Rabu,
04 September 2013
Hal ini mengemuka dalam
diskusi yang dibuat oleh Pusat Kebudayaan Aceh dan Turki
PEMERINTAH Aceh dinilai harus membuat qanun untuk
melindungi budaya secara luas dan khusus, misalnya dalam bidang musik, harus
ada aturan untuk melindungi pohon khusus untuk membuat rapai, yaitutualang dan pohon bahan pembuat seurune kale
supaya alat musik itu dapat dibuat dari bahan yang seharusnya.
Hal itu disampaikan oleh dosen seni Unsyiah, Ari Palawi
dalam Dialog ‘Posisi Seni Musik Klasik Aceh di Pentas Global’ yang dilaksanakan
oleh Ikatan Alumni Dayah Babun Najah (IKABANA) pada 3 September 2013, di kantor
Pusat Kebudayaan Aceh dan Turki (PuKAT), Banda Aceh.
“Di Hawai, Amerika Serikat ada larangan keras memotong
pohon tertentu sebelum usia yang ditentukan, akan dihukum berat jika
melanggarnya,” kata dosen alumni Hawai, Amerika Serikat.
Menurut lelaki yang sedang menyelesaikan program doktoral
di Monash University Australia ini, untuk melestarikan sebuah seni budaya,
semua pihak perlu melindungi bahan bakunya. Selain itu, kata dia, Perguruan
tinggi bertanggungjawab memperbaiki sistem, harus ada standarisasi masuk dan
kelulusan yang benar dalam fakultas seni bukan seperti kursus.
Diskusi yang dihadiri belasan peminat senit tersebut
berlangsung sekitar dua jam dan sempat tegang ketika para hadirin mengutarakan
pengalaman dan pandangannya masing-masing tentang seni musik di Aceh.

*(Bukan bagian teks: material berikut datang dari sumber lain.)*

lemma AE_abs_set_integral_slice_le:
  fixes f :: "'a::euclidean_space \<Rightarrow> 'b::euclidean_space \<Rightarrow> real"
  assumes S: "S \<in> sets lebesgue" "emeasure lebesgue S < \<infinity>"
    and bound: "AE p in lebesgue. p \<in> S \<times> I \<longrightarrow> \<bar>f (fst p) (snd p)\<bar> \<le> B"
  shows "AE y in lebesgue. y \<in> I \<longrightarrow> \<bar>LINT x:S|lebesgue. f x y\<bar> \<le> max B 0 * measure lebesgue S"
proof -
  have "AE y in lebesgue. AE x in lebesgue. x \<in> S \<and> y \<in> I \<longrightarrow> \<bar>f x y\<bar> \<le> B"
    by (rule AE_lebesgue_pair_slice) (use bound in \<open>auto simp: mem_Times_iff elim!: eventually_mono\<close>)
  then show ?thesis
  proof (rule eventually_mono, intro impI)
    fix y assume "AE x in lebesgue. x \<in> S \<and> y \<in> I \<longrightarrow> \<bar>f x y\<bar> \<le> B" "y \<in> I"
    then have "AE x in lebesgue. x \<in> S \<longrightarrow> \<bar>f x y\<bar> \<le> B" by (auto elim: eventually_mono)
    then show "\<bar>LINT x:S|lebesgue. f x y\<bar> \<le> max B 0 * measure lebesgue S"
      by (rule abs_set_integral_le[OF S])
  qed
qed

section \<open>The torsion function of a ball\<close>

definition quadratic :: "real \<Rightarrow> 'a::euclidean_space \<Rightarrow> real \<Rightarrow> 'a \<Rightarrow> real" where
  "quadratic \<alpha> w \<beta> x = \<alpha> * (x \<bullet> x) + w \<bullet> x + \<beta>"

lemma quadratic_along_line_has_derivative:
  "((\<lambda>h. quadratic \<alpha> w \<beta> (x + h *\<^sub>R v)) has_real_derivative
     2 * \<alpha> * (v \<bullet> x) + 2 * \<alpha> * h * (v \<bullet> v) + w \<bullet> v) (at h)"
proof -
  have "(\<lambda>h. quadratic \<alpha> w \<beta> (x + h *\<^sub>R v)) =
    (\<lambda>h. \<alpha> * (x \<bullet> x) + 2 * \<alpha> * h * (v \<bullet> x) + \<alpha> * h\<^sup>2 * (v \<bullet> v) + w \<bullet> x + h * (w \<bullet> v) + \<beta>)"
    by (auto simp: quadratic_def inner_add_left inner_add_right algebra_simps power2_eq_square inner_commute)
  then show ?thesis
    by (auto intro!: derivative_eq_intros simp: algebra_simps)
qed

lemma pd_quadratic: "pd v (quadratic \<alpha> w \<beta>) = quadratic 0 ((2 * \<alpha>) *\<^sub>R v) (w \<bullet> v)"
proof
  fix x
  have "pd v (quadratic \<alpha> w \<beta>) x = 2 * \<alpha> * (v \<bullet> x) + 2 * \<alpha> * 0 * (v \<bullet> v) + w \<bullet> v"
    unfolding pd_def by (rule DERIV_imp_deriv[OF quadratic_along_line_has_derivative])
  then show "pd v (quadratic \<alpha> w \<beta>) x = quadratic 0 ((2 * \<alpha>) *\<^sub>R v) (w \<bullet> v) x"
    by (simp add: quadratic_def)
qed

Penulis Aceh, Herman RN, yang menghadiri acara tersebut
mengharapkan ada definisi tentang seni, termasuk musik di Aceh, baik klasik,
tradisi, dan semacamnya.
Menyambut hal
tersebut, ketua panitia Muhajir Al Fairusy mengatakan bahwa diskusi akan
dilanjutkan dalam waktu dekat dengan tema tentang seni Aceh untuk merumuskan
beberapa hal untuk disepakati dan disampaikan kepada publik.